Dahl had a colourful life, which included a troubled childhood, an education at boarding schools which taught him "the link between cruelty and laughter", derring-do as a pilot, womanising and spying for Britain in World War II Washington, allegations of anti-Semitism and bullying, family medical tragedies and, of course, the publishing success.
Dahl's father and sister died by the time he was four and his eldest daughter Olivia died of measles at the age of seven. Although often a distant and unfaithful husband, he cared for his first wife, the actor Patricia Neal, after her brain hemorrhage in 1965. Dahl became her "browbeating Pygmalion" to maintain the required intensive speech and physical therapy. Dennison argues that these family tragedies impacted Dahl's life and writings, the latter, however, allowing him to transcend his personal grief.

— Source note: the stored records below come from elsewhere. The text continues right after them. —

(* Let $A,B$ be non-empty sets, $I$ a non-empty index set, $\{V_i\}_{i\in I}\subseteq\mathcal R(A)$, $\{W_i\}_{i\in I}\subseteq\mathcal R(B)$, ${\cal A}=(A,I,V_i)$, ${\cal B}=(B,I,W_i)$, let $R\in\mathcal R(A,B)$ be a uniform fuzzy relation and $Z\in\mathcal R(A,B)$ with $R\le Z$. Then $R$ is a solution to $WL^{2\text{-}5}(A,B,I,V_i,W_i,Z)$ if and only if all of the following hold: (i) $E_A^R$ is a solution to $WL^{1\text{-}4}(A,I,V_i,Z\circ Z^{-1})$; (ii) $E_B^R$ is a solution to $WL^{1\text{-}5}(B,I,W_i,Z^{-1}\circ Z)$; (iii) $\widetilde R$ is an isomorphism of the quotient fuzzy relational systems ${\cal A}/E_A^R$ and ${\cal B}/E_B^R$.
   Context: $\mathcal L=(L,\wedge,\vee,\otimes,\to,0,1)$ is a complete residuated lattice; $x\leftrightarrow y=(x\to y)\wedge(y\to x)$. For non-empty sets $X,Y$, $\mathcal R(X,Y)$ is the set of fuzzy relations $X\times Y\to L$, $\mathcal R(X)=\mathcal R(X,X)$, ordered pointwise; $R^{-1}(y,x)=R(x,y)$; $(R\circ S)(x,t)=\bigvee_{y}R(x,y)\otimes S(y,t)$. For $R\in\mathcal R(A,B)$: kernel $E_A^R(a_1,a_2)=\bigwedge_{b\in B}R(a_1,b)\leftrightarrow R(a_2,b)$; co-kernel $E_B^R(b_1,b_2)=\bigwedge_{a\in A}R(a,b_1)\leftrightarrow R(a,b_2)$ (both fuzzy equivalences). $R$ is uniform if every $a$ has some $b$ with $R(a,b)=1$, every $b$ has some $a$ with $R(a,b)=1$, and $R(a,b_1)\otimes R(a,b_2)\le E_B^R(b_1,b_2)$ for all $a,b_1,b_2$. For uniform $R$, with $E=E_A^R$, $F=E_B^R$, the map $\widetilde R:A/E\to B/F$, $\widetilde R(E_a)=F_{\psi(a)}$, where $\psi:A\to B$ is any function with $R(a,\psi(a))=1$ for all $a$, is well defined and bijective. For a fuzzy equivalence $E$ on $X$ (reflexive, symmetric, $E(x,y)\otimes E(y,z)\le E(x,z)$): $E_x(y)=E(x,y)$, $X/E=\{E_x\}$; the quotient of ${\cal X}=(X,I,V_i)$ is ${\cal X}/E=(X/E,I,V_i^{X/E})$ with $V_i^{X/E}(E_{x_1},E_{x_2})=(E\circ V_i\circ E)(x_1,x_2)$. An isomorphism of $(X,I,V_i)$ and $(Y,I,W_i)$ is a bijection $\varphi$ with $V_i(x_1,x_2)=W_i(\varphi(x_1),\varphi(x_2))$ for all $x_1,x_2$, $i$. $WL^{2\text{-}5}(A,B,I,V_i,W_i,Z)$ (unknown $U\in\mathcal R(A,B)$): $V_i\circ U=U\circ W_i$ for all $i$, and $U\le Z$. For $\{V_i\}\subseteq\mathcal R(X)$, $W\in\mathcal R(X)$, unknown $U\in\mathcal R(X)$: $WL^{1\text{-}4}(X,I,V_i,W)$: $U\circ V_i\le V_i\circ U$ and $U^{-1}\circ V_i\le V_i\circ U^{-1}$ for all $i$, $U\le W$, $U^{-1}\le W$; $WL^{1\text{-}5}(X,I,V_i,W)$: $V_i\circ U\le U\circ V_i$ and $V_i\circ U^{-1}\le U^{-1}\circ V_i$ for all $i$, $U\le W$, $U^{-1}\le W$. *)

theory Defs
  imports Main
begin

text \<open>Complete residuated lattice: a complete lattice (0 = bot, 1 = top) with a
commutative monoid operation rmult having unit top, and its residuum rimp
(adjointness: x rmult y <= z iff x <= rimp y z).\<close>

class cres_lattice = complete_lattice +
  fixes rmult :: "'a \<Rightarrow> 'a \<Rightarrow> 'a" (infixl "\<otimes>" 70)
    and rimp :: "'a \<Rightarrow> 'a \<Rightarrow> 'a"
  assumes rmult_assoc: "(x \<otimes> y) \<otimes> z = x \<otimes> (y \<otimes> z)"
    and rmult_commute: "x \<otimes> y = y \<otimes> x"
    and rmult_top: "x \<otimes> top = x"
    and residuation: "x \<otimes> y \<le> z \<longleftrightarrow> x \<le> rimp y z"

His fictional characters were decidedly black-and-white, with Dahl saying, "I like villains to be terrible and good people to be very good". Dennison reflects, "At its best, Roald's writing, both for children and adults is lyrical, hilarious, vivid, unpredictable, tender and utterly absorbing: his darkest fictions portray without regret a world of cruelty, cynicism, misanthropy and caprice".
Like Enid Blyton, Roald Dahl was often overlooked by the literary establishment, who envied his huge commercial success. He took solace by commenting, "I make things to please children. I don't care about grown-ups."
Dennison writes that Dahl's fiction "has convinced generations of child readers that, in a world of adult menace, the author is on their side". Dahl aimed "to turn the child into a reader of books". This he clearly did in his lifetime and continues to do so.